◆ **WHAT IS EXPECTED**
Give the number of lines in the records below that contain the word "assms". State only that number.

◆ **PROVIDED ENTRIES**
(* Let $(A,B)\in\mathcal{AB}$ and let $\mu$ be a matching that is component-wise individually rational at $(A,B)$. Then $\mu$ is unambiguously efficient at $(A,B)$ if and only if there is no cycle of $\mu$ that is both component-wise individually rational at $(A,B)$ and Pareto-improving.
   Context: Setup. $I=\{1,\dots,n\}$ is a finite set of agents and $O$ a finite set of objects. Each agent $i$ is endowed with a nonempty set $\Omega_i\subseteq O$; the sets $\Omega_i$ are pairwise disjoint and $\bigcup_{i\in I}\Omega_i=O$. A matching is a map $\mu:I\to 2^O$ with $\mu(i)\cap\mu(j)=\emptyset$ for $i\neq j$ and $|\mu(i)|=|\Omega_i|$ for every $i$; $\mathcal M$ is the set of matchings. Agent $i$'s consumption set is $\mathcal X_i=\{X\subseteq O:|X|=|\Omega_i|\}$; a preference of $i$ is a complete, transitive, reflexive relation $R_i$ on $\mathcal X_i$ with strict part $P_i$. A marginal preference of $i$ is a weak order $\succsim_i$ on $O$. $R_i$ is responsive to $\succsim_i$ if for all $o,p\in O$ and all $Q\in\mathcal X_i$ with $o\in Q$, $p\notin Q$: $Q\mathrel{R_i}(Q\setminus\{o\})\cup\{p\}$ iff $o\succsim_i p$. Given a profile $R$, $\mu'$ Pareto-improves $\mu$ if $\mu'(i)\mathrel{R_i}\mu(i)$ for all $i$ and $\mu'(i)\mathrel{P_i}\mu(i)$ for some $i$; $\mu$ is Pareto-efficient if no matching Pareto-improves it. Given a profile $\succsim$ of marginal preferences, $\mu$ is unambiguously efficient if it is Pareto-efficient at every profile $R$ such that each $R_i$ is responsive to $\succsim_i$. The matching $\mu$ is component-wise individually rational at $\succsim$ if for every $i\in I$ and every $\omega\in\Omega_i$, $|\{o\in\mu(i):o\succsim_i\omega\}|\ge|\{o\in\Omega_i:o\succsim_i\omega\}|$. Trichotomous profiles. $\mathcal{AB}_i$ is the set of pairs $(A_i,B_i)$ of disjoint subsets of $O$ with $\Omega_i\subseteq A_i\cup B_i$, and $\mathcal{AB}=\times_{i\in I}\mathcal{AB}_i$. A pair $(A_i,B_i)$ induces the marginal preference $\succsim_i$ in which all objects of $A_i$ are indifferent to each other and strictly preferred to all objects of $B_i$, which are indifferent to each other and strictly preferred to all objects of $O\setminus(A_i\cup B_i)$, which are indifferent to each other. Properties "at $(A,B)$" refer to the induced marginal profile. Cycles. Given a matching $\mu$, a cycle of $\mu$ is $C=(i_1,o_1,i_2,o_2,\dots,i_L,o_L)$ with distinct agents and distinct objects such that for each $l\in\{2,\dots,L\}$, $o_{l-1}\in\mu(i_l)$ and $o_l\notin\mu(i_l)$, and $o_L\in\mu(i_1)$. The matching $\mu+C$ is obtained from $\mu$ by replacing, for each $l\in\{2,\dots,L\}$, $o_{l-1}$ in $\mu(i_l)$ by $o_l$, and replacing $o_L$ in $\mu(i_1)$ by $o_1$. The cycle $C$ is component-wise individually rational at $(A,B)$ if $o_l\in A_{i_l}\cup B_{i_l}$ for every $l$. $C$ increases (resp. decreases) $i$'s welfare if $|(\mu+C)(i)\cap A_i|>|\mu(i)\cap A_i|$ (resp. $<$); $C$ is Pareto-improving if it increases some agent's welfare and decreases no agent's welfare. *)

theory Defs
  imports Main
begin

definition economy :: "'i set \<Rightarrow> 'x set \<Rightarrow> ('i \<Rightarrow> 'x set) \<Rightarrow> bool" where
  "economy I Obj Om \<longleftrightarrow> finite I \<and> finite Obj \<and> (\<forall>i\<in>I. Om i \<noteq> {})
     \<and> (\<forall>i\<in>I. \<forall>j\<in>I. i \<noteq> j \<longrightarrow> Om i \<inter> Om j = {}) \<and> (\<Union>i\<in>I. Om i) = Obj"

definition matching :: "'i set \<Rightarrow> 'x set \<Rightarrow> ('i \<Rightarrow> 'x set) \<Rightarrow> ('i \<Rightarrow> 'x set) \<Rightarrow> bool" where
  "matching I Obj Om mu \<longleftrightarrow> (\<forall>i\<in>I. mu i \<subseteq> Obj)
     \<and> (\<forall>i\<in>I. \<forall>j\<in>I. i \<noteq> j \<longrightarrow> mu i \<inter> mu j = {})
     \<and> (\<forall>i\<in>I. card (mu i) = card (Om i))"

definition consumption :: "'x set \<Rightarrow> nat \<Rightarrow> 'x set set" where
  "consumption Obj k = {X. X \<subseteq> Obj \<and> card X = k}"

definition preference_on :: "'x set set \<Rightarrow> ('x set \<Rightarrow> 'x set \<Rightarrow> bool) \<Rightarrow> bool" where
  "preference_on Xs R \<longleftrightarrow> (\<forall>X\<in>Xs. \<forall>Y\<in>Xs. R X Y \<or> R Y X) \<and> (\<forall>X\<in>Xs. R X X)
     \<and> (\<forall>X\<in>Xs. \<forall>Y\<in>Xs. \<forall>Z\<in>Xs. R X Y \<longrightarrow> R Y Z \<longrightarrow> R X Z)"

definition strict :: "('a \<Rightarrow> 'a \<Rightarrow> bool) \<Rightarrow> 'a \<Rightarrow> 'a \<Rightarrow> bool" where
  "strict R X Y \<longleftrightarrow> R X Y \<and> \<not> R Y X"

definition responsive :: "'x set \<Rightarrow> 'x set set \<Rightarrow> ('x set \<Rightarrow> 'x set \<Rightarrow> bool) \<Rightarrow> ('x \<Rightarrow> 'x \<Rightarrow> bool) \<Rightarrow> bool" where
  "responsive Obj Xs R mp \<longleftrightarrow> (\<forall>x\<in>Obj. \<forall>y\<in>Obj. \<forall>Q\<in>Xs. x \<in> Q \<longrightarrow> y \<notin> Q \<longrightarrow>
       (R Q ((Q - {x}) \<union> {y}) \<longleftrightarrow> mp x y))"

definition pareto_improves ::
  "'i set \<Rightarrow> ('i \<Rightarrow> 'x set \<Rightarrow> 'x set \<Rightarrow> bool) \<Rightarrow> ('i \<Rightarrow> 'x set) \<Rightarrow> ('i \<Rightarrow> 'x set) \<Rightarrow> bool" where
  "pareto_improves I R mu' mu \<longleftrightarrow> (\<forall>i\<in>I. R i (mu' i) (mu i)) \<and> (\<exists>i\<in>I. strict (R i) (mu' i) (mu i))"

definition pareto_efficient ::
  "'i set \<Rightarrow> 'x set \<Rightarrow> ('i \<Rightarrow> 'x set) \<Rightarrow> ('i \<Rightarrow> 'x set \<Rightarrow> 'x set \<Rightarrow> bool) \<Rightarrow> ('i \<Rightarrow> 'x set) \<Rightarrow> bool" where
  "pareto_efficient I Obj Om R mu \<longleftrightarrow> \<not> (\<exists>mu'. matching I Obj Om mu' \<and> pareto_improves I R mu' mu)"

definition unambiguously_efficient ::
  "'i set \<Rightarrow> 'x set \<Rightarrow> ('i \<Rightarrow> 'x set) \<Rightarrow> ('i \<Rightarrow> 'x \<Rightarrow> 'x \<Rightarrow> bool) \<Rightarrow> ('i \<Rightarrow> 'x set) \<Rightarrow> bool" where
  "unambiguously_efficient I Obj Om mp mu \<longleftrightarrow>
     (\<forall>R. (\<forall>i\<in>I. preference_on (consumption Obj (card (Om i))) (R i)
               \<and> responsive Obj (consumption Obj (card (Om i))) (R i) (mp i))
          \<longrightarrow> pareto_efficient I Obj Om R mu)"

definition cw_IR ::
  "'i set \<Rightarrow> ('i \<Rightarrow> 'x set) \<Rightarrow> ('i \<Rightarrow> 'x \<Rightarrow> 'x \<Rightarrow> bool) \<Rightarrow> ('i \<Rightarrow> 'x set) \<Rightarrow> bool" where
  "cw_IR I Om mp mu \<longleftrightarrow> (\<forall>i\<in>I. \<forall>w\<in>Om i.
      card {x\<in>mu i. mp i x w} \<ge> card {x\<in>Om i. mp i x w})"

definition AB_profile :: "'i set \<Rightarrow> 'x set \<Rightarrow> ('i \<Rightarrow> 'x set) \<Rightarrow> ('i \<Rightarrow> 'x set) \<Rightarrow> ('i \<Rightarrow> 'x set) \<Rightarrow> bool" where
  "AB_profile I Obj Om A B \<longleftrightarrow> (\<forall>i\<in>I. A i \<subseteq> Obj \<and> B i \<subseteq> Obj \<and> A i \<inter> B i = {} \<and> Om i \<subseteq> A i \<union> B i)"

definition tier :: "'x set \<Rightarrow> 'x set \<Rightarrow> 'x \<Rightarrow> nat" where
  "tier Ai Bi x = (if x \<in> Ai then 2 else if x \<in> Bi then 1 else 0)"

definition induced :: "('i \<Rightarrow> 'x set) \<Rightarrow> ('i \<Rightarrow> 'x set) \<Rightarrow> 'i \<Rightarrow> 'x \<Rightarrow> 'x \<Rightarrow> bool" where
  "induced A B i x y \<longleftrightarrow> tier (A i) (B i) y \<le> tier (A i) (B i) x"

text \<open>Cycles.  A cycle (i_1,o_1,...,i_L,o_L) is the nonempty list
  [(i_1,o_1),...,(i_L,o_L)] (0-indexed here); the predecessor of position k
  is (k + L - 1) mod L.\<close>
definition cyc_prev :: "nat \<Rightarrow> nat \<Rightarrow> nat" where
  "cyc_prev L k = (k + L - 1) mod L"

definition is_cycle :: "'i set \<Rightarrow> ('i \<Rightarrow> 'x set) \<Rightarrow> ('i \<times> 'x) list \<Rightarrow> bool" where
  "is_cycle I mu C \<longleftrightarrow> C \<noteq> [] \<and> distinct (map fst C) \<and> distinct (map snd C)
     \<and> (\<forall>k<length C. fst (C ! k) \<in> I)
     \<and> (\<forall>k. 1 \<le> k \<and> k < length C \<longrightarrow>
           snd (C ! (k - 1)) \<in> mu (fst (C ! k)) \<and> snd (C ! k) \<notin> mu (fst (C ! k)))
     \<and> snd (C ! (length C - 1)) \<in> mu (fst (C ! 0))"

definition apply_cycle :: "('i \<Rightarrow> 'x set) \<Rightarrow> ('i \<times> 'x) list \<Rightarrow> 'i \<Rightarrow> 'x set" where
  "apply_cycle mu C i =
     (if \<exists>k<length C. fst (C ! k) = i then
        (let k = (THE k. k < length C \<and> fst (C ! k) = i) in
          (mu i - {snd (C ! cyc_prev (length C) k)}) \<union> {snd (C ! k)})
      else mu i)"

definition cycle_cw_IR :: "('i \<Rightarrow> 'x set) \<Rightarrow> ('i \<Rightarrow> 'x set) \<Rightarrow> ('i \<times> 'x) list \<Rightarrow> bool" where
  "cycle_cw_IR A B C \<longleftrightarrow> (\<forall>k<length C. snd (C ! k) \<in> A (fst (C ! k)) \<union> B (fst (C ! k)))"

definition cycle_pareto_improving ::
  "'i set \<Rightarrow> ('i \<Rightarrow> 'x set) \<Rightarrow> ('i \<Rightarrow> 'x set) \<Rightarrow> ('i \<times> 'x) list \<Rightarrow> bool" where
  "cycle_pareto_improving I A mu C \<longleftrightarrow>
     (\<exists>i\<in>I. card (apply_cycle mu C i \<inter> A i) > card (mu i \<inter> A i))
     \<and> (\<forall>i\<in>I. \<not> card (apply_cycle mu C i \<inter> A i) < card (mu i \<inter> A i))"

end

(*
  If a component-wise individually rational cycle is Pareto-improving, executing it raises,
  weakly for every agent and strictly for one, the additive utility that counts an object of A i
  twice and an object of B i once; this utility is responsive to the trichotomous preference,
  so mu is not unambiguously efficient.

  Conversely, let mu' Pareto-improve mu at some responsive profile. Responsive preferences
  respect first-order stochastic dominance, and mu i lies inside A i \<union> B i by component-wise
  individual rationality; hence no agent holds fewer A-objects under mu', agents holding equally
  many stay inside A i \<union> B i, and some agent holds more. In the exchange graph, with an edge
  from g to r whenever the agent giving up g receives the acceptable object r, and r is in A
  if g is, a counting argument over a set of objects closed under edges shows that some
  improving edge (g outside A, r inside A) lies on a closed walk. Shortcutting the walk at
  repeated agents keeps an improving edge and yields the required cycle.
*)

theory Submission
  imports Defs "HOL-Library.Disjoint_Sets"
begin

definition path_edges :: "'a list \<Rightarrow> ('a \<times> 'a) set" where
  "path_edges xs = set (zip (butlast xs) (tl xs))"

definition cycle_edges :: "'a list \<Rightarrow> ('a \<times> 'a) set" where
  "cycle_edges xs = set (zip xs (rotate1 xs))"

lemma zip_snoc_tl:
  assumes "xs \<noteq> []"
  shows "zip xs (tl xs @ [y]) = zip (butlast xs) (tl xs) @ [(last xs, y)]"
proof -
  have "zip xs (tl xs @ [y]) = zip (butlast xs @ [last xs]) (tl xs @ [y])"
    using assms by simp
  also have "\<dots> = zip (butlast xs) (tl xs) @ zip [last xs] [y]"
    using assms by (intro zip_append) (cases xs, auto)
  finally show ?thesis by simp
qed

lemma path_edges_snoc: "xs \<noteq> [] \<Longrightarrow> path_edges (xs @ [y]) = insert (last xs, y) (path_edges xs)"
  unfolding path_edges_def using zip_snoc_tl[of xs y] by (cases xs) auto

lemma cycle_edges_eq_path_edges:
  "xs \<noteq> [] \<Longrightarrow> cycle_edges xs = insert (last xs, hd xs) (path_edges xs)"
  unfolding cycle_edges_def path_edges_def
  by (cases xs) (auto simp: zip_snoc_tl[of "_ # _", simplified])

lemma cycle_edges_append:
  assumes "xs \<noteq> []" "ys \<noteq> []"
  shows "cycle_edges (xs @ ys) =
    path_edges xs \<union> path_edges ys \<union> {(last xs, hd ys), (last ys, hd xs)}"
proof -
  have rot: "rotate1 (xs @ ys) = (tl xs @ [hd ys]) @ (tl ys @ [hd xs])"
    using assms by (cases xs; cases ys) auto
  have "zip (xs @ ys) (rotate1 (xs @ ys)) = zip xs (tl xs @ [hd ys]) @ zip ys (tl ys @ [hd xs])"
    unfolding rot by (rule zip_append) (use assms in \<open>cases xs, auto\<close>)
  then show ?thesis
    unfolding cycle_edges_def path_edges_def using assms by (simp add: zip_snoc_tl)
qed

lemma cycle_edges_rotate: "cycle_edges (xs @ ys) = cycle_edges (ys @ xs)"
  by (cases "xs = [] \<or> ys = []") (auto simp: cycle_edges_append Un_ac insert_commute)

lemma cycle_edges_conv_nth:
  "cycle_edges xs = (\<lambda>k. (xs ! k, xs ! (Suc k mod length xs))) ` {..<length xs}"
  unfolding cycle_edges_def set_zip by (auto simp: nth_rotate1)

lemma rtrancl_imp_path:
  assumes "(a, b) \<in> R\<^sup>*"
  shows "\<exists>xs. xs \<noteq> [] \<and> hd xs = a \<and> last xs = b \<and> path_edges xs \<subseteq> R \<and> set xs \<subseteq> insert a (Range R)"
  using assms
proof (induction rule: rtrancl_induct)
  case base
  show ?case by (intro exI[of _ "[a]"]) (simp add: path_edges_def)
next
  case (step y z)
  then obtain xs where "xs \<noteq> []" "hd xs = a" "last xs = y" "path_edges xs \<subseteq> R"
      "set xs \<subseteq> insert a (Range R)"
    by blast
  with step.hyps(2) show ?case
    by (intro exI[of _ "xs @ [z]"]) (auto simp: path_edges_snoc)
qed

lemma not_distinct_map_decomp:
  assumes "\<not> distinct (map f xs)"
  obtains us a vs b ws where "xs = us @ a # vs @ b # ws" "f a = f b"
proof -
  obtain as y bs cs where "map f xs = as @ [y] @ bs @ [y] @ cs"
    using not_distinct_decomp[OF assms] by blast
  then obtain us r where "xs = us @ r" "map f r = y # bs @ y # cs"
    by (auto simp: map_eq_append_conv)
  moreover from this(2) obtain a vs r' where "r = a # vs @ r'" "f a = y" "map f r' = y # cs"
    by (auto simp: map_eq_Cons_conv map_eq_append_conv)
  moreover from this(3) obtain b ws where "r' = b # ws" "f b = y"
    by (auto simp: map_eq_Cons_conv)
  ultimately show thesis using that by simp
qed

◆ **OUTPUT OF THE TASK**
7